══ WORKING DATA

lemma rank_le_partial_perm:
  assumes "inj r"
  shows "rank_le (partial_perm r c n) n"
proof -
  have "partial_perm r c n j l = (\<Sum>i<n. (if j = r i then 1 else 0) * (if l = c i then 1 else 0))" for j l
  proof (cases "j \<in> r ` {..<n}")
    case True
    then obtain i0 where i0: "i0 < n" "j = r i0"
      by blast
    then have "(\<Sum>i<n. (if j = r i then 1 else 0) * (if l = c i then 1 else 0))
        = (\<Sum>i<n. if i = i0 then (if l = c i0 then 1 else 0) else (0::complex))"
      using assms by (intro sum.cong) (auto dest: injD)
    then show ?thesis
      using i0 partial_perm_row[OF assms] by simp
  next
    case False
    then have "(\<Sum>i<n. (if j = r i then 1 else 0) * (if l = c i then 1 else 0)) = (0::complex)"
      by (intro sum.neutral) auto
    then show ?thesis
      using partial_perm_outside_rows[OF False] by simp
  qed
  then show ?thesis
    unfolding rank_le_def
    by (intro exI[of _ "\<lambda>i j. if j = r i then 1 else 0"] exI[of _ "\<lambda>i l. if l = c i then 1 else 0"]) blast
qed

lemma vnorm2_mat_apply_partial_perm:
  assumes "inj r" "inj c" "{l. x l \<noteq> 0} \<subseteq> c ` {..<n}"
  shows "vnorm2 (mat_apply (partial_perm r c n) x) = vnorm2 x"
proof -
  let ?y = "mat_apply (partial_perm r c n) x"
  have y_row: "?y (r i) = x (c i)" if "i < n" for i
  proof -
    have "?y (r i) = (\<Sum>l\<in>c ` {..<n}. partial_perm r c n (r i) l * x l)"
      by (rule mat_apply_eq_sum[OF _ assms(3)]) simp
    also have "\<dots> = (\<Sum>l\<in>c ` {..<n}. if l = c i then x l else 0)"
      using partial_perm_row[OF assms(1) that] by (intro sum.cong) auto
    also have "\<dots> = x (c i)"
      using that by simp
    finally show ?thesis .
  qed
  have "?y j = 0" if "j \<notin> r ` {..<n}" for j
    unfolding mat_apply_def using partial_perm_outside_rows[OF that] by simp
  then have "{j. ?y j \<noteq> 0} \<subseteq> r ` {..<n}"
    by blast
  then have "vnorm2 ?y = (\<Sum>j\<in>r ` {..<n}. (cmod (?y j))\<^sup>2)"
    by (rule vnorm2_eq_sum[rotated]) simp
  also have "\<dots> = (\<Sum>i<n. (cmod (x (c i)))\<^sup>2)"
    using assms(1) by (simp add: sum.reindex inj_on_subset y_row)
  also have "\<dots> = (\<Sum>l\<in>c ` {..<n}. (cmod (x l))\<^sup>2)"
    using assms(2) by (simp add: sum.reindex inj_on_subset)
  also have "\<dots> = vnorm2 x"
    by (rule vnorm2_eq_sum[symmetric]) (use assms(3) in auto)
  finally show ?thesis .
qed

lemma schatten_norm_partial_perm_ge:
  assumes "inj r" "inj c" "0 < p"
  shows "real n powr (1 / p) \<le> schatten_norm p (partial_perm r c n)"
proof (rule schatten_norm_ge_if_sing_num_ge_1[OF fin_supp_partial_perm rank_le_partial_perm[OF assms(1)] assms(3)])
  fix k assume "k < n"
  then show "1 \<le> sing_num k (partial_perm r c n)"
    using assms(2) vnorm2_mat_apply_partial_perm[OF assms(1,2)]
    by (intro one_le_sing_num_if_isometric_on[OF fin_supp_partial_perm, of "c ` {..<n}"])
       (auto simp: card_image inj_on_subset)
qed
(* Let $k\ge2$ and let $G_1$ be a graph on $k$ vertices whose complement is the cycle $C_k$ (for $k=2$, $C_2$ is the complete graph on $2$ vertices). For $d\ge2$ let $H$ be the join of $d$ copies of $G_1$ (on disjoint vertex sets). Then for $i\ge1$, $$\beta_{i,i+1}(H)=\binom{dk}{i+1}\frac{i(dk-i-2)}{dk-1}+d\binom{(d-1)k}{i-k+1},$$ and $\beta_{i,i+2}(H)=d\binom{(d-1)k}{i-k+2}$ if $k\ge4$, while $\beta_{i,i+2}(H)=0$ if $k\in\{2,3\}$.
   Context: The join $G*H$ of graphs with disjoint vertex sets has all edges of $G$, of $H$, and all pairs $\{x,y\}$ with $x\in V(G)$, $y\in V(H)$. For a finite simple graph $G$ on vertex set $V$, $R=\mathbb{K}[x_v:v\in V]$ over a fixed field $\mathbb{K}$, $I(G)=\langle x_ux_v:\{u,v\}\in E(G)\rangle$, and $\beta_{i,d}(G)=\beta_{i,d}(R/I(G))$ is the graded Betti number. Binomial coefficients $\binom{a}{b}$ are $0$ if $b<0$ or $b>a$. *)

theory Defs
  imports Complex_Main "HOL-Library.Function_Algebras" "HOL-Library.Product_Lexorder"
begin

text \<open>A finite simple graph is given by a finite vertex set V and a symmetric,
irreflexive edge relation E on V. Variables x_v (v in V) of the polynomial ring
R = K[x_v : v in V]; a monomial is encoded by its exponent vector a :: 'v => nat
(supported in V).\<close>

definition in_edge_ideal :: "('v \<Rightarrow> 'v \<Rightarrow> bool) \<Rightarrow> ('v \<Rightarrow> nat) \<Rightarrow> bool" where
  "in_edge_ideal E a \<longleftrightarrow> (\<exists>u v. E u v \<and> 0 < a u \<and> 0 < a v)"

text \<open>Tor_i^R(R/I(G), K) is computed with the Koszul resolution of K = R/(x_v),
i.e. as homology of the Koszul complex K(x; R/I(G)). Its multidegree-a part in
homological degree i has K-basis the elements e_F (x) x^(a - 1_F), with F a subset of V,
|F| = i, F contained in supp a, and x^(a - 1_F) a standard monomial (not in I(G)).\<close>

definition kbasis :: "'v set \<Rightarrow> ('v \<Rightarrow> 'v \<Rightarrow> bool) \<Rightarrow> ('v \<Rightarrow> nat) \<Rightarrow> nat \<Rightarrow> 'v set set" where
  "kbasis V E a i = {F. F \<subseteq> V \<and> card F = i \<and> (\<forall>v\<in>F. 0 < a v) \<and>
       \<not> in_edge_ideal E (\<lambda>v. a v - (if v \<in> F then 1 else 0))}"

text \<open>Chains: K-linear combinations of the basis elements, as coefficient functions.\<close>
definition kchains :: "'v set \<Rightarrow> ('v \<Rightarrow> 'v \<Rightarrow> bool) \<Rightarrow> ('v \<Rightarrow> nat) \<Rightarrow> nat \<Rightarrow> ('v set \<Rightarrow> 'k::field) set" where
  "kchains V E a i = {c. \<forall>F. F \<notin> kbasis V E a i \<longrightarrow> c F = 0}"

text \<open>Koszul differential: e_F |-> sum over j in F of (-1)^(#{u in F. u < j}) x_j e_(F - {j}),
with the image read in R/I(G) (the term vanishes if the resulting monomial is in I(G)).\<close>
definition kcoef :: "'v::linorder set \<Rightarrow> 'v set \<Rightarrow> 'k::field" where
  "kcoef F G = (if G \<subseteq> F \<and> card (F - G) = 1
                then (-1) ^ card {u\<in>G. u < the_elem (F - G)} else 0)"

definition kbd :: "'v::linorder set \<Rightarrow> ('v \<Rightarrow> 'v \<Rightarrow> bool) \<Rightarrow> ('v \<Rightarrow> nat) \<Rightarrow> nat
    \<Rightarrow> ('v set \<Rightarrow> 'k::field) \<Rightarrow> ('v set \<Rightarrow> 'k)" where
  "kbd V E a i c = (\<lambda>G. if G \<in> kbasis V E a (i - 1)
       then (\<Sum>F\<in>kbasis V E a i. c F * kcoef F G) else 0)"

definition kscale :: "'k::field \<Rightarrow> ('b \<Rightarrow> 'k) \<Rightarrow> ('b \<Rightarrow> 'k)" where
  "kscale r c = (\<lambda>x. r * c x)"

definition koszul_hdim :: "'k::field itself \<Rightarrow> 'v::linorder set \<Rightarrow> ('v \<Rightarrow> 'v \<Rightarrow> bool)
    \<Rightarrow> ('v \<Rightarrow> nat) \<Rightarrow> nat \<Rightarrow> nat" where
  "koszul_hdim K V E a i =
     vector_space.dim (kscale :: 'k \<Rightarrow> _)
        {c \<in> kchains V E a i. i = 0 \<or> kbd V E a i c = (\<lambda>_. 0)}
   - vector_space.dim (kscale :: 'k \<Rightarrow> _) (kbd V E a (i + 1) ` kchains V E a (i + 1))"

definition betti :: "'k::field itself \<Rightarrow> 'v::linorder set \<Rightarrow> ('v \<Rightarrow> 'v \<Rightarrow> bool)
    \<Rightarrow> nat \<Rightarrow> nat \<Rightarrow> nat" where
  "betti K V E i j =
     (\<Sum>a\<in>{a. (\<forall>v. v \<notin> V \<longrightarrow> a v = 0) \<and> sum a V = j}. koszul_hdim K V E a i)"

definition cycle_adj :: "nat \<Rightarrow> nat \<Rightarrow> nat \<Rightarrow> bool" where
  "cycle_adj k a b \<longleftrightarrow> a < k \<and> b < k \<and> a \<noteq> b \<and> (b = (a + 1) mod k \<or> a = (b + 1) mod k)"

definition cocycle_edge :: "nat \<Rightarrow> nat \<Rightarrow> nat \<Rightarrow> bool" where
  "cocycle_edge k a b \<longleftrightarrow> a < k \<and> b < k \<and> a \<noteq> b \<and> \<not> cycle_adj k a b"

definition join_copies_V :: "nat \<Rightarrow> 'a set \<Rightarrow> (nat \<times> 'a) set" where
  "join_copies_V d V1 = {..<d} \<times> V1"

definition join_copies_E :: "nat \<Rightarrow> 'a set \<Rightarrow> ('a \<Rightarrow> 'a \<Rightarrow> bool) \<Rightarrow> (nat \<times> 'a) \<Rightarrow> (nat \<times> 'a) \<Rightarrow> bool" where
  "join_copies_E d V1 E1 x y \<longleftrightarrow>
     x \<in> join_copies_V d V1 \<and> y \<in> join_copies_V d V1 \<and>
     (fst x \<noteq> fst y \<or> (fst x = fst y \<and> E1 (snd x) (snd y)))"

end

(*
  Betti numbers of R/I(G) are computed one multidegree at a time from the Koszul complex.
  In total degree at most i + 2 a multidegree that is not squarefree contributes nothing to
  Tor_i: either its support has at most i vertices, and there are no nonzero cycles, or it is
  x_W x_t with |W| = i + 1, where every cycle is a multiple of the boundary of the face W.
  In a squarefree multidegree x_W the Koszul complex is the chain complex of the independence
  complex of G on W. For |W| = i + 1 its homology has dimension one less than the number of
  components of the complement of G on W. For |W| = i + 2 the cycles are counted by the
  independent pairs minus the independent triples (if no two of them share two vertices) and
  the boundaries by |W| minus the number of components.

  For the join H the complement is a disjoint union of d cycles C_k. On W its components are
  the full cycles and the runs of consecutive vertices, its independent pairs are the
  consecutive pairs, and independent triples occur only for k = 3, as full triangles. So W
  contributes i - (consecutive pairs) + (full copies) if |W| = i + 1, and (full copies) if
  |W| = i + 2 and k >= 4. Summing over W by double counting gives the binomial formulas.
*)
theory Submission
  imports Defs
begin

section \<open>Dimension counting in finitely spanned spaces\<close>

context vector_space
begin

lemma obtain_finite_basis:
  assumes "S \<subseteq> span U" "finite U"
  obtains B where "B \<subseteq> S" "independent B" "S \<subseteq> span B" "card B = dim S" "finite B"
proof -
  obtain B where B: "B \<subseteq> S" "independent B" "S \<subseteq> span B" "card B = dim S"
    using basis_exists by blast
  have "finite B"
    using independent_span_bound[OF assms(2) B(2)] B(1) assms(1) by blast
  with B that show ?thesis by blast
qed

lemma dim_le_dim_if_subset_span:
  assumes "S \<subseteq> span T" "T \<subseteq> span U" "finite U"
  shows "dim S \<le> dim T"
proof -
  obtain B where B: "B \<subseteq> T" "T \<subseteq> span B" "card B = dim T" "finite B"
    using obtain_finite_basis[OF assms(2,3)] by metis
  have "S \<subseteq> span B"
    using assms(1) B(2) span_mono span_span by (metis subset_trans)
  then show ?thesis using dim_le_card B by metis
qed

lemma independent_span_Int_span_diff:
  assumes "independent B" "finite B" "A \<subseteq> B" "x \<in> span A" "x \<in> span (B - A)"
  shows "x = 0"
proof -
  obtain u where u: "x = (\<Sum>v\<in>B - A. u v *s v)"
    using assms(2,5) span_finite[of "B - A"] by auto
  obtain w where w: "x = (\<Sum>v\<in>A. w v *s v)"
    using assms(2,3,4) span_finite[of A] finite_subset by blast
  define g where "g v = (if v \<in> A then - w v else u v)" for v
  have "(\<Sum>v\<in>B. g v *s v) = (\<Sum>v\<in>B - A. g v *s v) + (\<Sum>v\<in>A. g v *s v)"
    using assms(2,3) by (metis sum.subset_diff)
  also have "\<dots> = x - x"
    using u w by (simp add: g_def sum_negf)
  finally have "\<forall>v\<in>B. g v = 0"
    using assms(1,2) dependent_finite by auto
  then show "x = 0" using u by (auto simp: g_def intro!: sum.neutral)
qed

end

context vector_space_pair
begin

lemma dim_image_eq_if_inj_on_span:
  assumes f: "Vector_Spaces.linear s1 s2 f" and "S \<subseteq> vs1.span U" "finite U"
    and inj: "inj_on f (vs1.span S)"
  shows "vs2.dim (f ` S) = vs1.dim S"
proof -
  obtain B where B: "B \<subseteq> S" "vs1.independent B" "S \<subseteq> vs1.span B" "card B = vs1.dim S"
    using vs1.obtain_finite_basis[OF assms(2,3)] by metis
  have span_B: "vs1.span S = vs1.span B"
    using B vs1.span_mono vs1.span_span by (metis subset_antisym)
  have "vs2.independent (f ` B)"
    using linear_independent_injective_image[OF f B(2)] inj span_B by simp
  moreover have "vs2.span (f ` B) = vs2.span (f ` S)"
    using linear_span_image[OF f] span_B by metis
  ultimately have "vs2.dim (f ` S) = card (f ` B)"
    by (metis vs2.dim_eq_card)
  also have "\<dots> = card B"
    using inj B(1) vs1.span_superset by (intro card_image inj_on_subset[OF inj]) blast
  finally show ?thesis using B by simp
qed

lemma inj_on_span_diff_kernel_basis:
  assumes f: "Vector_Spaces.linear s1 s2 f" and B: "vs1.independent B" "finite B" "BK \<subseteq> B"
    and kernel: "\<And>x. x \<in> vs1.span B \<Longrightarrow> f x = 0 \<Longrightarrow> x \<in> vs1.span BK"
  shows "inj_on f (vs1.span (B - BK))"
proof (subst linear_inj_on_iff_eq_0[OF f], simp, intro ballI impI)
  fix x assume x: "x \<in> vs1.span (B - BK)" "f x = 0"
  then have "x \<in> vs1.span BK"
    using kernel vs1.span_mono[of "B - BK" B] by blast
  then show "x = 0"
    using vs1.independent_span_Int_span_diff[OF B] x(1) by blast
qed

lemma span_image_diff_kernel:
  assumes "\<And>x. x \<in> BK \<Longrightarrow> f x = 0"
  shows "vs2.span (f ` B) = vs2.span (f ` (B - BK))"
proof
  have "f ` B \<subseteq> insert 0 (f ` (B - BK))" using assms by auto
  then have "vs2.span (f ` B) \<subseteq> vs2.span (insert 0 (f ` (B - BK)))"
    by (rule vs2.span_mono)
  then show "vs2.span (f ` B) \<subseteq> vs2.span (f ` (B - BK))"
    by simp
  show "vs2.span (f ` (B - BK)) \<subseteq> vs2.span (f ` B)"
    by (rule vs2.span_mono) auto
qed

lemma rank_nullity:
  assumes f: "Vector_Spaces.linear s1 s2 f" and L: "vs1.subspace L" "L \<subseteq> vs1.span U" "finite U"
  shows "vs1.dim {x \<in> L. f x = 0} + vs2.dim (f ` L) = vs1.dim L"
proof -
  define K where "K = {x \<in> L. f x = 0}"
  obtain BK where BK: "BK \<subseteq> K" "vs1.independent BK" "K \<subseteq> vs1.span BK" "card BK = vs1.dim K"
    "finite BK"
    using vs1.obtain_finite_basis[of K U] L by (auto simp: K_def)
  obtain B where B: "BK \<subseteq> B" "B \<subseteq> L" "vs1.independent B" "L \<subseteq> vs1.span B"
    using vs1.maximal_independent_subset_extend[of BK L] BK by (auto simp: K_def)
  have fin_B: "finite B"
    using vs1.independent_span_bound[OF L(3) B(3)] B(2) L(2) by blast
  have span_B: "vs1.span B = L"
    using B L(1) vs1.span_minimal by (metis subset_antisym)
  have inj: "inj_on f (vs1.span (B - BK))"
    using inj_on_span_diff_kernel_basis[OF f B(3) fin_B B(1)] BK(3) span_B by (auto simp: K_def)
  have "f ` L = vs2.span (f ` B)"
    using linear_span_image[OF f, of B] span_B by simp
  then have "vs2.span (f ` L) = vs2.span (f ` B)"
    by (simp add: vs2.span_span)
  also have "\<dots> = vs2.span (f ` (B - BK))"
    by (rule span_image_diff_kernel) (use BK(1) in \<open>auto simp: K_def\<close>)
  finally have "vs2.span (f ` L) = vs2.span (f ` (B - BK))" .
  moreover have "vs2.independent (f ` (B - BK))"
    using linear_independent_injective_image[OF f _ inj] vs1.independent_mono[OF B(3)] by blast
  ultimately have "vs2.dim (f ` L) = card (f ` (B - BK))"
    using vs2.dim_eq_card by metis
  also have "\<dots> = card (B - BK)"
    using inj vs1.span_superset by (intro card_image) (blast intro: inj_on_subset)
  finally have "vs2.dim (f ` L) = card (B - BK)" .
  moreover have "vs1.dim L = card BK + card (B - BK)"
    using vs1.basis_card_eq_dim[OF B(2,4,3)] card_mono[OF fin_B B(1)] card_Diff_subset[OF BK(5) B(1)]
    by simp
  ultimately show ?thesis using BK(4) by (simp add: K_def)
qed

end

section \<open>Finitely supported functions\<close>

lemma vector_space_kscale: "vector_space (kscale :: 'k::field \<Rightarrow> ('b \<Rightarrow> 'k) \<Rightarrow> ('b \<Rightarrow> 'k))"
  by unfold_locales (auto simp: kscale_def fun_eq_iff algebra_simps)

global_interpretation kv: vector_space "kscale :: 'k::field \<Rightarrow> ('b \<Rightarrow> 'k) \<Rightarrow> ('b \<Rightarrow> 'k)"
  by (rule vector_space_kscale)

global_interpretation kvp: vector_space_pair "kscale :: 'k::field \<Rightarrow> ('b \<Rightarrow> 'k) \<Rightarrow> ('b \<Rightarrow> 'k)"
  "kscale :: 'k::field \<Rightarrow> ('c \<Rightarrow> 'k) \<Rightarrow> ('c \<Rightarrow> 'k)"
  by unfold_locales

lemma kscale_apply [simp]: "kscale r c x = r * c x"
  by (simp add: kscale_def)

lemma sum_fun_apply: "(sum f A) x = sum (\<lambda>a. f a x) A"
  by (induction A rule: infinite_finite_induct) auto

════

### [THE PROBLEM]
Take from the material above the lines running from the one with "Context: The join" through the one with "a v) \<and>", and repeat them exactly, with nothing else.

### [OUTPUT BELOW]
   Context: The join $G*H$ of graphs with disjoint vertex sets has all edges of $G$, of $H$, and all pairs $\{x,y\}$ with $x\in V(G)$, $y\in V(H)$. For a finite simple graph $G$ on vertex set $V$, $R=\mathbb{K}[x_v:v\in V]$ over a fixed field $\mathbb{K}$, $I(G)=\langle x_ux_v:\{u,v\}\in E(G)\rangle$, and $\beta_{i,d}(G)=\beta_{i,d}(R/I(G))$ is the graded Betti number. Binomial coefficients $\binom{a}{b}$ are $0$ if $b<0$ or $b>a$. *)

theory Defs
  imports Complex_Main "HOL-Library.Function_Algebras" "HOL-Library.Product_Lexorder"
begin

text \<open>A finite simple graph is given by a finite vertex set V and a symmetric,
irreflexive edge relation E on V. Variables x_v (v in V) of the polynomial ring
R = K[x_v : v in V]; a monomial is encoded by its exponent vector a :: 'v => nat
(supported in V).\<close>

definition in_edge_ideal :: "('v \<Rightarrow> 'v \<Rightarrow> bool) \<Rightarrow> ('v \<Rightarrow> nat) \<Rightarrow> bool" where
  "in_edge_ideal E a \<longleftrightarrow> (\<exists>u v. E u v \<and> 0 < a u \<and> 0 < a v)"

text \<open>Tor_i^R(R/I(G), K) is computed with the Koszul resolution of K = R/(x_v),
i.e. as homology of the Koszul complex K(x; R/I(G)). Its multidegree-a part in
homological degree i has K-basis the elements e_F (x) x^(a - 1_F), with F a subset of V,
|F| = i, F contained in supp a, and x^(a - 1_F) a standard monomial (not in I(G)).\<close>

definition kbasis :: "'v set \<Rightarrow> ('v \<Rightarrow> 'v \<Rightarrow> bool) \<Rightarrow> ('v \<Rightarrow> nat) \<Rightarrow> nat \<Rightarrow> 'v set set" where
  "kbasis V E a i = {F. F \<subseteq> V \<and> card F = i \<and> (\<forall>v\<in>F. 0 < a v) \<and>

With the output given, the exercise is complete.